Data Science Header

I was originally skeptical that data science is unique and should be considered its own field/discipline.

After exploring the literature about this topic, especially some work by the National Academy and The National Science Foundation, I gained a different perspective.  My new perspective on this question came about by better understanding the data life cycle.

The data life cycle is discussed in several publications and is also mentioned in ABET accreditation materials for student outcomes for Data Science programs. A major proponent of the idea of the data life cycle is Jeannette Wing of Columbia University. The data life cycle encompasses genesis to interpretation:

  • Generation
  • Collection
  • Processing
  • Storage
  • Management
  • Analysis
  • Visualization
  • Interpretation

I believe that “Data science is the study of extracting value from data.” It sounds cliche, but it is all about the data for a data scientist.

Is data science a “made up field” consisting of a bunch of buzz-words? Let’s look at other disciplines and how they relate to data science.  Since the fields under discussion have many facets that cannot be fully covered here, naturally, I am going to simplify the discussion. So please forgive if you are actively working in these fields! Since I am an engineer, let’s start with engineers and what they do.

What does an engineer do? Fundamentally, the aspect of an engineer’s work that I believe sets engineering apart from other disciplines is that engineers design systems. Design is fundamental to engineering. Chemical engineers design chemical processes. Mechanical engineers design mechanical systems.  Electrical engineers design electrical systems. Industrial engineers design work processes, and so on. Naturally, engineered systems are not isolated and when examined from a more macro perspective, these systems often involve many different engineering disciplines as well as disciplines in science, business, etc. Simply because engineered systems are embedded in the physical world, it should be clear that these systems generate data and in some cases, vast quantities of data.

Data is often a very important component of the operation and control of an engineered system. However, I would contend that data is often not the primary focus of an engineer during the design process. For example, is the primary concern of a mechanical engineer that is designing a gear, about the data generated from the gear’s operation, or is it about ensuring that the gear functions according to it mechanical design specifications?

In today’s society, there is a growing recognition that the data aspects of engineered systems cannot be ignored at the design stages as well as during operations. Who should be the persons thinking about data?  My contention is that it is the data scientist’s role to focus on the data and its life-cycle, not necessarily the engineer within a specific discipline.

So far, I have specifically not mentioned computer science. Years ago, computer science went through the same issues concerning whether it was a separate field. I think that almost everyone now agrees that computer science is justified as being its own field/disciple. Computer scientists perform important and exciting work. However, how does computer science relate to data science?

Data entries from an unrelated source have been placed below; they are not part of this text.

lemma small_step_radius_le:
  assumes "\<not> large_step x y"
  shows "norm (y - x) \<le> 8 * c * \<mu> * R"
proof (rule ccontr)
  define r where "r = norm (y - x)"
  assume "\<not> ?thesis"
  then have r: "8 * c * \<mu> * R < r" by (simp add: r_def)
  have "8 * \<mu> * R \<le> 8 * c * \<mu> * R"
    using mult_right_mono[of 1 c "8 * \<mu> * R"] c mu_ge R by (simp add: ac_simps)
  then have "\<omega> (8 * \<mu> * R) \<le> \<omega> r"
    by (rule omega_le[rotated, OF order_trans]) (use r mu_ge R in auto)
  moreover have "0 < \<omega> (8 * \<mu> * R)" using mu_ge R by (intro omega_pos) simp
  ultimately have "\<omega> (8 * \<mu> * R) * (8 * c * \<mu> * R) < \<omega> r * r"
    using r c mu_ge R by (intro mult_le_less_imp_less) auto
  moreover have "c * \<delta> \<le> c * (8 * \<mu> * R * \<omega> (8 * \<mu> * R))"
    using delta c by (intro mult_left_mono) auto
  ultimately have "large_step x y"
    unfolding large_step_def r_def by (simp add: ac_simps)
  with assms show False ..
qed

lemma gamma_sq_gap_factor: "\<gamma>\<^sup>2 * (\<beta> + (1 + \<beta>) * \<eta>) \<le> 193/8192"
proof -
  have "\<gamma>\<^sup>2 * ((1 + \<beta>) * \<eta>) = (1 + \<beta>) / 128"
    unfolding \<eta>_def using gamma by simp
  also have "\<dots> \<le> (65/64) / 128"
    using beta_bounds by (intro divide_right_mono) auto
  finally show ?thesis
    using beta_bounds(1) by (simp add: distrib_left mult.commute)
qed
locale central_general_position =
  fixes X :: "complex set"
  assumes finite: "finite X" and nonempty: "X \<noteq> {}"
    and cross_nonzero: "\<And>a b. a \<in> X \<Longrightarrow> b \<in> X \<Longrightarrow> a \<noteq> b \<Longrightarrow> cross a b \<noteq> 0"
begin

lemma total_on_angular_order: "total_on X (angular_order X P)"
  unfolding total_on_def
proof (intro ballI impI)
  fix a b assume ab: "a \<in> X" "b \<in> X" "a \<noteq> b"
  have "cross (flip P a) (flip P b) \<noteq> 0"
    using cross_nonzero[OF ab] by (simp add: cross_flip)
  then show "(a, b) \<in> angular_order X P \<or> (b, a) \<in> angular_order X P"
    using ab cross_commute[of "flip P b" "flip P a"] by (auto simp: angular_order_def)
qed

lemma strict_linear_order_on_angular_order_iff:
  "strict_linear_order_on X (angular_order X P) \<longleftrightarrow> trans (angular_order X P)"
  by (simp add: strict_linear_order_on_def irrefl_angular_order total_on_angular_order)

lemma cross_flip_leader_part:
  assumes "m \<in> X" "x \<in> X" "x \<noteq> m"
  shows "0 < cross (if e then m else - m) (flip (leader_part X m e) x)"
proof -
  have "cross (if e then m else - m) x \<noteq> 0"
    using cross_nonzero[OF assms(1,2)] assms(3) by auto
  then show ?thesis
    using assms by (auto simp: flip_def leader_part_def)
qed

lemma leader_part_least:
  assumes "m \<in> X" "x \<in> X" "x \<noteq> m"
  shows "(m, x) \<in> angular_order X (leader_part X m e)"
  using cross_flip_leader_part[OF assms, of e] assms
  by (simp add: angular_order_def flip_leader_part_leader)

lemma trans_angular_order_leader_part:
  assumes "m \<in> X"
  shows "trans (angular_order X (leader_part X m e))"
proof (rule transI)
  define u where "u = (if e then m else - m)"
  define H where "H = insert u {v. 0 < cross u v}"
  have flip_in_H: "flip (leader_part X m e) x \<in> H" if "x \<in> X" for x
    using assms that cross_flip_leader_part[OF assms that, of e]
    by (cases "x = m") (simp_all add: H_def u_def flip_leader_part_leader)
  fix a b c
  assume "(a, b) \<in> angular_order X (leader_part X m e)" "(b, c) \<in> angular_order X (leader_part X m e)"
  then show "(a, c) \<in> angular_order X (leader_part X m e)"
    using cross_pos_trans_half_plane[OF flip_in_H flip_in_H flip_in_H H_def]
    by (auto simp: angular_order_def)
qed

lemma eq_leader_part:
  assumes "P \<subseteq> X" "m \<in> X" and least: "\<And>x. x \<in> X \<Longrightarrow> x \<noteq> m \<Longrightarrow> (m, x) \<in> angular_order X P"
  shows "P = leader_part X m (m \<in> P)"
proof -
  have "x \<in> P \<longleftrightarrow> 0 < cross (flip P m) x" if "x \<in> X" "x \<noteq> m" for x
    using least[OF that] by (cases "x \<in> P") (auto simp: angular_order_def flip_def[of P x])
  moreover have "flip P m = (if m \<in> P then m else - m)"
    by (simp add: flip_def)
  ultimately show ?thesis
    using assms(1,2) by (intro set_eqI) (auto simp: leader_part_def split: if_splits)
qed

lemma bij_betw_leader_part:
  "bij_betw (\<lambda>(m, e). leader_part X m e) (X \<times> UNIV) {P. P \<subseteq> X \<and> trans (angular_order X P)}"
proof (rule bij_betw_imageI)
  show "inj_on (\<lambda>(m, e). leader_part X m e) (X \<times> UNIV)"
  proof (rule inj_onI, clarify)
    fix m e m' e'
    assume m: "m \<in> X" "m' \<in> X" and eq: "leader_part X m e = leader_part X m' e'"
    have "m = m'"
    proof (rule ccontr)
      let ?A = "angular_order X (leader_part X m e)"
      assume "m \<noteq> m'"
      then have "(m, m') \<in> ?A" "(m', m) \<in> ?A"
        using leader_part_least[of m m' e] leader_part_least[of m' m e'] m unfolding eq by auto
      then have "(m, m) \<in> ?A"
        using trans_angular_order_leader_part[OF m(1)] by (blast dest: transD)
      then show False
        using irrefl_angular_order by (simp add: irrefl_def)
    qed
    moreover have "e = e'"
      using eq m leader_in_leader_part unfolding \<open>m = m'\<close> by metis
    ultimately show "m = m' \<and> e = e'" ..
  qed
  show "(\<lambda>(m, e). leader_part X m e) ` (X \<times> UNIV) = {P. P \<subseteq> X \<and> trans (angular_order X P)}"
  proof (intro set_eqI iffI)
    fix P assume "P \<in> {P. P \<subseteq> X \<and> trans (angular_order X P)}"
    then have P: "P \<subseteq> X" "strict_linear_order_on X (angular_order X P)"
      by (simp_all add: strict_linear_order_on_angular_order_iff)
    obtain m where m: "m \<in> X" and least: "\<And>x. x \<in> X \<Longrightarrow> x \<noteq> m \<Longrightarrow> (m, x) \<in> angular_order X P"
      using strict_linear_order_on_finite_least[OF finite nonempty angular_order_subset P(2)] by blast
    have "P = leader_part X m (m \<in> P)"
      by (rule eq_leader_part[OF P(1) m least])
    then show "P \<in> (\<lambda>(m, e). leader_part X m e) ` (X \<times> UNIV)"
      using m by force
  next
    fix P assume "P \<in> (\<lambda>(m, e). leader_part X m e) ` (X \<times> UNIV)"
    then obtain m e where "m \<in> X" "P = leader_part X m e"
      by auto
    then show "P \<in> {P. P \<subseteq> X \<and> trans (angular_order X P)}"
      by (simp add: leader_part_subset trans_angular_order_leader_part)
  qed
qed

theorem card_extensions_cross: "card (extensions X (\<lambda>a b. 0 < cross a b)) = 2 * card X"
proof -
  let ?G = "{P. P \<subseteq> X \<and> trans (angular_order X P)}"
  have "extensions X (\<lambda>a b. 0 < cross a b) = (\<lambda>P. (angular_order X P, P)) ` ?G"
    by (simp add: extensions_cross strict_linear_order_on_angular_order_iff)
  then have "card (extensions X (\<lambda>a b. 0 < cross a b)) = card ?G"
    by (simp add: card_image inj_on_def)
  also have "\<dots> = card (X \<times> (UNIV :: bool set))"
    by (rule bij_betw_same_card[OF bij_betw_leader_part, symmetric])
  finally show ?thesis
    by (simp add: card_cartesian_product)
qed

There is no doubt that the fields of computer science and data science are intimately related. To be clear, I see computer engineering as a separate field from computer science. In my opinion, computer science is somewhat misnamed. I think that it should have been called computing science. While computer scientists study many things, at the heart of the discipline is computing. How to compute faster, more efficiently, and more reliably is the essence of computer science. In my opinion, the main focus of a computer scientist is how to compute better.

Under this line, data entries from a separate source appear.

lemma back_face_eq: "back_face p q \<sigma> = restrict (\<sigma> \<circ> shift_coords p) (standard_simplex q)"
proof -
  have "(\<lambda>i. \<Sum>j\<le>q. (if i = p + j then 1 else 0) * x j) = shift_coords p x" if "x \<in> standard_simplex q" for x :: "nat \<Rightarrow> real"
  proof
    fix i
    show "(\<Sum>j\<le>q. (if i = p + j then 1 else 0) * x j) = shift_coords p x i"
    proof (cases "p \<le> i \<and> i - p \<le> q")
      case True
      then have "(\<Sum>j\<le>q. (if i = p + j then 1 else 0) * x j) = (\<Sum>j\<le>q. if j = i - p then x j else 0)"
        by (intro sum.cong) auto
      with True show ?thesis by (simp add: shift_coords_def)
    next
      case False
      then have "(\<Sum>j\<le>q. (if i = p + j then 1 else 0) * x j) = 0"
        by (intro sum.neutral) auto
      with False that show ?thesis by (auto simp: shift_coords_def standard_simplex_def)
    qed
  qed
  then show ?thesis
    unfolding back_face_def simplex_map_def oriented_simplex_def
    by (intro restrict_ext) auto
qed

lemma singular_simplex_restrict_mono:
  assumes "singular_simplex n X \<sigma>" "p \<le> n"
  shows "singular_simplex p X (restrict \<sigma> (standard_simplex p))"
proof -
  have "continuous_map (subtopology (powertop_real UNIV) (standard_simplex p)) X \<sigma>"
    using assms standard_simplex_mono[OF assms(2)] continuous_map_from_subtopology_mono
    unfolding singular_simplex_def by blast
  then have "continuous_map (subtopology (powertop_real UNIV) (standard_simplex p)) X (restrict \<sigma> (standard_simplex p))"
    by (rule continuous_map_eq) auto
  then show ?thesis by (simp add: singular_simplex_def)
qed

lemma singular_simplex_front_face:
  assumes "singular_simplex n X \<sigma>" "p \<le> n"
  shows "singular_simplex p X (front_face p \<sigma>)"
  unfolding front_face_eq using singular_simplex_restrict_mono[OF assms] .

lemma continuous_map_shift_coords:
  "continuous_map (subtopology (powertop_real UNIV) (standard_simplex q))
                  (subtopology (powertop_real UNIV) (standard_simplex (p + q))) (shift_coords p)"
proof -
  have "continuous_map (powertop_real UNIV) euclideanreal (\<lambda>x. shift_coords p x i)" for i
    by (cases "p \<le> i") (auto simp: shift_coords_def intro: continuous_map_product_projection)
  then have "continuous_map (powertop_real UNIV) (powertop_real UNIV) (shift_coords p)"
    by (auto simp: continuous_map_componentwise_UNIV)
  then show ?thesis
    by (auto simp: continuous_map_in_subtopology shift_coords_in_standard_simplex intro: continuous_map_from_subtopology)
qed

lemma singular_simplex_back_face:
  assumes "singular_simplex n X \<sigma>" "n = p + q"
  shows "singular_simplex q X (back_face p q \<sigma>)"
proof -
  have "continuous_map (subtopology (powertop_real UNIV) (standard_simplex q)) X (\<sigma> \<circ> shift_coords p)"
    using continuous_map_compose[OF continuous_map_shift_coords] assms unfolding singular_simplex_def by blast
  then have "continuous_map (subtopology (powertop_real UNIV) (standard_simplex q)) X (back_face p q \<sigma>)"
    unfolding back_face_eq by (rule continuous_map_eq) auto
  then show ?thesis by (simp add: singular_simplex_def back_face_eq)
qed

lemma front_face_image:
  assumes "p \<le> n" shows "front_face p \<sigma> ` standard_simplex p \<subseteq> \<sigma> ` standard_simplex n"
  using standard_simplex_mono[OF assms] by (auto simp: front_face_eq)

lemma back_face_image:
  assumes "n = p + q" shows "back_face p q \<sigma> ` standard_simplex q \<subseteq> \<sigma> ` standard_simplex n"
  using shift_coords_in_standard_simplex assms by (auto simp: back_face_eq)

lemma simplical_face_in_standard_simplex_Suc:
  "k \<le> Suc n \<Longrightarrow> x \<in> standard_simplex n \<Longrightarrow> simplical_face k x \<in> standard_simplex (Suc n)"
  using simplical_face_in_standard_simplex[of "Suc n" k x] by simp

lemma front_face_singular_face_low:
  assumes "k \<le> p" "p \<le> n"
  shows "front_face p (singular_face (Suc n) k \<sigma>) = singular_face (Suc p) k (front_face (Suc p) \<sigma>)"
proof -
  have "x \<in> standard_simplex p \<Longrightarrow> simplical_face k x \<in> standard_simplex (Suc p)" for x
    using simplical_face_in_standard_simplex_Suc[of k p x] assms by simp
  moreover have "standard_simplex p \<subseteq> standard_simplex n"
    using assms standard_simplex_mono by blast
  ultimately show ?thesis
    unfolding front_face_eq singular_face_def by (intro ext) (auto simp: restrict_def subset_iff)
qed

lemma back_face_singular_face_low:
  assumes "k \<le> p" "p \<le> n"
  shows "back_face p (n - p) (singular_face (Suc n) k \<sigma>) = back_face (Suc p) (n - p) \<sigma>"
proof -
  have "simplical_face k (shift_coords p x) = shift_coords (Suc p) x" for x
    using assms by (auto simp: simplical_face_def shift_coords_def fun_eq_iff)
  moreover have "x \<in> standard_simplex (n - p) \<Longrightarrow> shift_coords p x \<in> standard_simplex n" for x
    using shift_coords_in_standard_simplex[of x "n - p" p] assms by simp
  ultimately show ?thesis
    unfolding back_face_eq singular_face_def by (intro ext) (auto simp: restrict_def subset_iff)
qed

lemma simplical_face_beyond: "p < k \<Longrightarrow> x \<in> standard_simplex p \<Longrightarrow> simplical_face k x = x"
  by (auto simp: simplical_face_def standard_simplex_def fun_eq_iff)

lemma front_face_singular_face_high:
  assumes "p < k" "p \<le> n"
  shows "front_face p (singular_face (Suc n) k \<sigma>) = front_face p \<sigma>"
proof -
  have "standard_simplex p \<subseteq> standard_simplex n"
    using assms standard_simplex_mono by blast
  then show ?thesis
    unfolding front_face_eq singular_face_def using simplical_face_beyond[OF assms(1)]
    by (intro ext) (auto simp: restrict_def subset_iff)
qed

lemma back_face_singular_face_high:
  assumes "p < k" "k \<le> Suc n" "p \<le> n"
  shows "back_face p (n - p) (singular_face (Suc n) k \<sigma>)
       = singular_face (Suc (n - p)) (k - p) (back_face p (Suc (n - p)) \<sigma>)"
proof -
  have "shift_coords p (simplical_face (k - p) x) = simplical_face k (shift_coords p x)" for x
    using assms by (auto simp: simplical_face_def shift_coords_def fun_eq_iff)
  moreover have "x \<in> standard_simplex (n - p) \<Longrightarrow> shift_coords p x \<in> standard_simplex n" for x
    using shift_coords_in_standard_simplex[of x "n - p" p] assms by simp
  moreover have "x \<in> standard_simplex (n - p) \<Longrightarrow> simplical_face (k - p) x \<in> standard_simplex (Suc (n - p))" for x
    using simplical_face_in_standard_simplex_Suc[of "k - p" "n - p" x] assms by simp
  ultimately show ?thesis
    unfolding back_face_eq singular_face_def by (intro ext) (auto simp: restrict_def subset_iff)
qed

lemma singular_face_last_front_face: "singular_face (Suc p) (Suc p) (front_face (Suc p) \<sigma>) = front_face p \<sigma>"
proof -
  have "standard_simplex p \<subseteq> standard_simplex (Suc p)"
    using standard_simplex_mono by simp
  then show ?thesis
    unfolding front_face_eq singular_face_def using simplical_face_beyond[of p "Suc p"]
    by (intro ext) (auto simp: restrict_def subset_iff)
qed

lemma singular_face_first_back_face: "singular_face (Suc q) 0 (back_face p (Suc q) \<sigma>) = back_face (Suc p) q \<sigma>"
proof -
  have "shift_coords p (simplical_face 0 x) = shift_coords (Suc p) x" for x
    by (auto simp: simplical_face_def shift_coords_def fun_eq_iff Suc_diff_Suc)
  moreover have "x \<in> standard_simplex q \<Longrightarrow> simplical_face 0 x \<in> standard_simplex (Suc q)" for x
    using simplical_face_in_standard_simplex_Suc[of 0 q x] by simp
  ultimately show ?thesis
    unfolding back_face_eq singular_face_def by (intro ext) (auto simp: restrict_def subset_iff)
qed

section \<open>Cup products of cochains\<close>

definition csign :: "('a,'r::comm_ring_1) cochain \<Rightarrow> ('a,'r) cochain" where
  "csign a = (\<lambda>n \<sigma>. (-1) ^ n * a n \<sigma>)"

lemma sum_atMost_add_Suc:
  "(\<Sum>k\<le>p + Suc q. f k) = (\<Sum>k\<le>p. f k) + (\<Sum>j\<le>q. f (Suc (p + j)))"
  by (induction q) (simp_all add: add.assoc)

lemma cobd_front_face:
  assumes "singular_simplex n X \<sigma>" "p < n"
  shows "cobd X a (Suc p) (front_face (Suc p) \<sigma>)
       = (\<Sum>k\<le>p. (-1) ^ k * a p (singular_face (Suc p) k (front_face (Suc p) \<sigma>))) + (-1) ^ Suc p * a p (front_face p \<sigma>)"
  using singular_simplex_front_face[OF assms(1), of "Suc p"] assms(2)
  by (simp add: cobd_def singular_face_last_front_face)

lemma cobd_back_face:
  assumes "singular_simplex (p + Suc q) X \<sigma>"
  shows "cobd X b (Suc q) (back_face p (Suc q) \<sigma>)
       = b q (back_face (Suc p) q \<sigma>)
         + (\<Sum>j\<le>q. (-1) ^ Suc j * b q (singular_face (Suc q) (Suc j) (back_face p (Suc q) \<sigma>)))"
  using singular_simplex_back_face[OF assms refl]
  by (simp add: cobd_def sum.atMost_Suc_shift singular_face_first_back_face del: sum.atMost_Suc)

lemma cup_singular_faces_split:
  fixes a b :: "('a,'r::comm_ring_1) cochain"
  assumes "p \<le> m"
  shows "(\<Sum>k\<le>Suc m. (-1) ^ k * (a p (front_face p (singular_face (Suc m) k \<sigma>))
                                  * b (m - p) (back_face p (m - p) (singular_face (Suc m) k \<sigma>))))
       = (\<Sum>k\<le>p. (-1) ^ k * a p (singular_face (Suc p) k (front_face (Suc p) \<sigma>)))
           * b (m - p) (back_face (Suc p) (m - p) \<sigma>)
         + (-1) ^ p * a p (front_face p \<sigma>)
           * (\<Sum>j\<le>m - p. (-1) ^ Suc j * b (m - p)
                (singular_face (Suc (m - p)) (Suc j) (back_face p (Suc (m - p)) \<sigma>)))"
proof -
  define T where "T k = (-1) ^ k * (a p (front_face p (singular_face (Suc m) k \<sigma>))
                          * b (m - p) (back_face p (m - p) (singular_face (Suc m) k \<sigma>)))" for k
  have "Suc m = p + Suc (m - p)"
    using assms by simp
  then have "(\<Sum>k\<le>Suc m. T k) = (\<Sum>k\<le>p. T k) + (\<Sum>j\<le>m - p. T (Suc (p + j)))"
    by (simp only: sum_atMost_add_Suc)
  also have "(\<Sum>k\<le>p. T k) = (\<Sum>k\<le>p. (-1) ^ k * a p (singular_face (Suc p) k (front_face (Suc p) \<sigma>)))
                                * b (m - p) (back_face (Suc p) (m - p) \<sigma>)"
    unfolding T_def sum_distrib_right using assms
    by (intro sum.cong refl) (simp add: front_face_singular_face_low back_face_singular_face_low mult.assoc)
  also have "(\<Sum>j\<le>m - p. T (Suc (p + j))) = (-1) ^ p * a p (front_face p \<sigma>)
           * (\<Sum>j\<le>m - p. (-1) ^ Suc j * b (m - p)
                (singular_face (Suc (m - p)) (Suc j) (back_face p (Suc (m - p)) \<sigma>)))"
    unfolding T_def sum_distrib_left using assms
    by (intro sum.cong refl) (simp add: front_face_singular_face_high back_face_singular_face_high power_add mult_ac)
  finally show ?thesis
    by (simp only: T_def)
qed

lemma cobd_cup_simplex:
  fixes a b :: "('a,'r::comm_ring_1) cochain"
  assumes \<sigma>: "singular_simplex (Suc m) X \<sigma>"
  shows "cobd X (cup X a b) (Suc m) \<sigma> = cup X (cobd X a) b (Suc m) \<sigma> + cup X (csign a) (cobd X b) (Suc m) \<sigma>"
proof -
  have faces: "singular_simplex m X (singular_face (Suc m) k \<sigma>)" if "k \<le> Suc m" for k
    using singular_simplex_singular_face[OF \<sigma> _ that] by simp
  have \<sigma>': "singular_simplex (p + Suc (m - p)) X \<sigma>" if "p \<le> m" for p
    using \<sigma> that by simp
  have "cobd X (cup X a b) (Suc m) \<sigma>
      = (\<Sum>p\<le>m. \<Sum>k\<le>Suc m. (-1) ^ k * (a p (front_face p (singular_face (Suc m) k \<sigma>))
                                  * b (m - p) (back_face p (m - p) (singular_face (Suc m) k \<sigma>))))"
    using \<sigma> faces
    by (simp add: cobd_def cup_def sum_distrib_left del: sum.atMost_Suc) (rule sum.swap)
  moreover have "cup X (cobd X a) b (Suc m) \<sigma>
      = (\<Sum>p\<le>m. cobd X a (Suc p) (front_face (Suc p) \<sigma>) * b (m - p) (back_face (Suc p) (m - p) \<sigma>))"
    using \<sigma> by (simp add: cup_def sum.atMost_Suc_shift cobd_def del: sum.atMost_Suc)
  moreover have "cup X (csign a) (cobd X b) (Suc m) \<sigma>
      = (\<Sum>p\<le>m. csign a p (front_face p \<sigma>) * cobd X b (Suc m - p) (back_face p (Suc m - p) \<sigma>))"
    using \<sigma> by (simp add: cup_def cobd_def del: sum.atMost_Suc_shift)
  moreover have "\<dots> = (\<Sum>p\<le>m. (-1) ^ p * a p (front_face p \<sigma>)
                                * cobd X b (Suc (m - p)) (back_face p (Suc (m - p)) \<sigma>))"
    by (intro sum.cong refl) (simp add: Suc_diff_le csign_def)
  ultimately show ?thesis
    using \<sigma> \<sigma>'
    by (simp add: cup_singular_faces_split cobd_front_face cobd_back_face sum.distrib[symmetric]
        algebra_simps del: sum.atMost_Suc)
qed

There is no argument that data is an import aspect to computation. But is a computer scientist’s main concern about the data and its life cycle or is a computer scientist’s main concern about how to compute with the data? I think that there is a useful separation of concern. It is certainly true that many of the tools and techniques that computer scientists use are also used by data scientists. And, many argue that data science is simply a sub-discipline of computer science. However, I contend that the life-cycle of data and its importance to science, engineering, and business require a concentration of focus that is not central to computer science.

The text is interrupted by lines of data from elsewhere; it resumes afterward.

lemma obtain_lift_fewer_visits:
  assumes i: "1 \<le> i" "i \<le> m" and ends: "H 0 i = 0" "H d i = 0"
    and c: "c = 1 \<or> c = -1" and hit: "t1 \<le> d" "H t1 i = c"
  obtains H' l' where "lifted_walk m H' l' d" "lift_in_range m H' d" "H' 0 = H 0" "H' d = H d"
    "\<And>j. j \<noteq> i \<Longrightarrow> {H' t j | t. t \<le> d} = {H t j | t. t \<le> d}"
    "{t. t \<le> d \<and> H' t i = c} \<subset> {t. t \<le> d \<and> H t i = c}"
proof -
  obtain s e where se: "s < e" "e < d" and H_s0: "H s i = 0"
    and run: "\<And>t. s < t \<Longrightarrow> t \<le> e \<Longrightarrow> H t i = c"
    and mv_s: "move_vec (l s) i = c" and mv_e: "move_vec (l e) i = - c"
    and between: "\<And>q. s < q \<Longrightarrow> q < e \<Longrightarrow> move_vec (l q) i = 0"
    and edges: "fst (l s) \<noteq> fst (l e)"
    using obtain_excursion[OF assms] by blast
  have range_i: "H q i \<in> {-1, 0, 1}" if "q \<le> d" for q
    using lift_in_rangeD[OF in_range that i] .
  note valid = lifted_walkD(1)[OF lift]
  obtain p where p: "s < p" "p \<le> e" and commute:
    "\<And>q j. s \<le> q \<Longrightarrow> q < p \<Longrightarrow> j \<noteq> i \<Longrightarrow> move_vec (l q) j = 0 \<or> move_vec (l p) j = 0"
    by (rule obtain_commuting_move[of e m l s i]) (use valid se mv_s mv_e c edges between in auto)
  have pd: "p < d" using p se by simp
  have mv_p: "move_vec (l p) i = 0 \<or> move_vec (l p) i = - c"
    using between[of p] mv_e p by (cases "p = e") auto
  define H' where "H' t = (if s < t \<and> t \<le> p then (\<lambda>j. H (t - 1) j + move_vec (l p) j) else H t)" for t
  define l' where "l' t = (if t = s then l p else if s < t \<and> t \<le> p then l (t - 1) else l t)" for t
  note moved = lifted_walk_move_earlier[OF lift p(1) pd, folded H'_def l'_def]
  have same_values: "{H' t j | t. t \<le> d} = {H t j | t. t \<le> d}" if "j \<noteq> i" for j
    using lifted_walk_move_earlier_values[OF lift p(1) pd, folded H'_def] commute that by blast
  have range': "lift_in_range m H' d"
    unfolding lift_in_range_def
  proof (intro allI impI)
    fix t j assume t: "t \<le> d" and j: "1 \<le> j \<and> j \<le> m"
    show "H' t j \<in> {-1, 0, 1}"
    proof (cases "j = i")
      case False
      then obtain t' where "t' \<le> d" "H' t j = H t' j" using same_values[OF False] t by blast
      then show ?thesis using lift_in_rangeD[OF in_range] j by simp
    next
      case True
      have "H (t - 1) i + move_vec (l p) i \<in> {-1, 0, 1}" if "s < t" "t \<le> p"
        using mv_p
      proof
        assume "move_vec (l p) i = - c"
        then show ?thesis
          using run[of "t - 1"] H_s0 c that p by (cases "t - 1 = s") auto
      qed (use range_i[of "t - 1"] t in simp)
      then show ?thesis using True range_i[OF t] by (simp add: H'_def)
    qed
  qed
  have fewer: "{t. t \<le> d \<and> H' t i = c} \<subset> {t. t \<le> d \<and> H t i = c}"
  proof
    show "{t. t \<le> d \<and> H' t i = c} \<subseteq> {t. t \<le> d \<and> H t i = c}"
      using run p by (auto simp: H'_def)
    have "H' (Suc s) i \<noteq> c" "H (Suc s) i = c"
      using mv_p H_s0 c run[of "Suc s"] p by (auto simp: H'_def)
    moreover have "Suc s \<le> d" using se by simp
    ultimately show "{t. t \<le> d \<and> H' t i = c} \<noteq> {t. t \<le> d \<and> H t i = c}"
      by blast
  qed
  show ?thesis by (rule that[OF moved(1) range' moved(2,3) same_values fewer])
qed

What about statistics? There is no doubt that statisticians use data and that data science has deep connections to this field. Are they different? Are they the same thing under different names?

I believe that data scientists are not statisticians and vice versa. In my opinion, the focus of statisticians has been on the latter aspects of the data life cycle. From my perspective the focus of a statistician is on the most efficient and effective extraction of reliable information from data. The design and proper use of the most appropriate and effective statistical techniques to make reliable decisions is the primary focus of statisticians. Data scientists concerns are broader than this.

All the fields that I have mentioned are important (engineering, computer science, statistics). We must not forget about the other sciences (e.g. biology, chemistry, sociology, etc.) and the many business related fields (accounting, marketing, etc). What has become clear and what was prevalent within the materials that I reviewed was that all these field are becoming increasingly dependent upon the data life cycle. There is no doubt in my mind that the data life-cycle is important for all these fields to function better and meet their goals of improving lives. Thus, I believe that knowledge of data science is essential and more broad than just specific disciplines.

I have personally concluded that we need basic literacy in data science, just like we need basic literacy in reading, mathematics, computing. The other disciplines have their focus on their domains. But who will be responsible for caring about the research and application of the tools and techniques that are needed throughout the entire data life cycle? I think that data scientists should be the people whose main goal is caring about the date life cycle.  

Data scientists cannot do this job in isolation. Therefore, for data scientists to be successful, the field of data science must be interdisciplinary. It is an exciting time in this emerging field.

I hope that I have provided you with some insights into why I believe that data science is its own field/discipline. What do you think?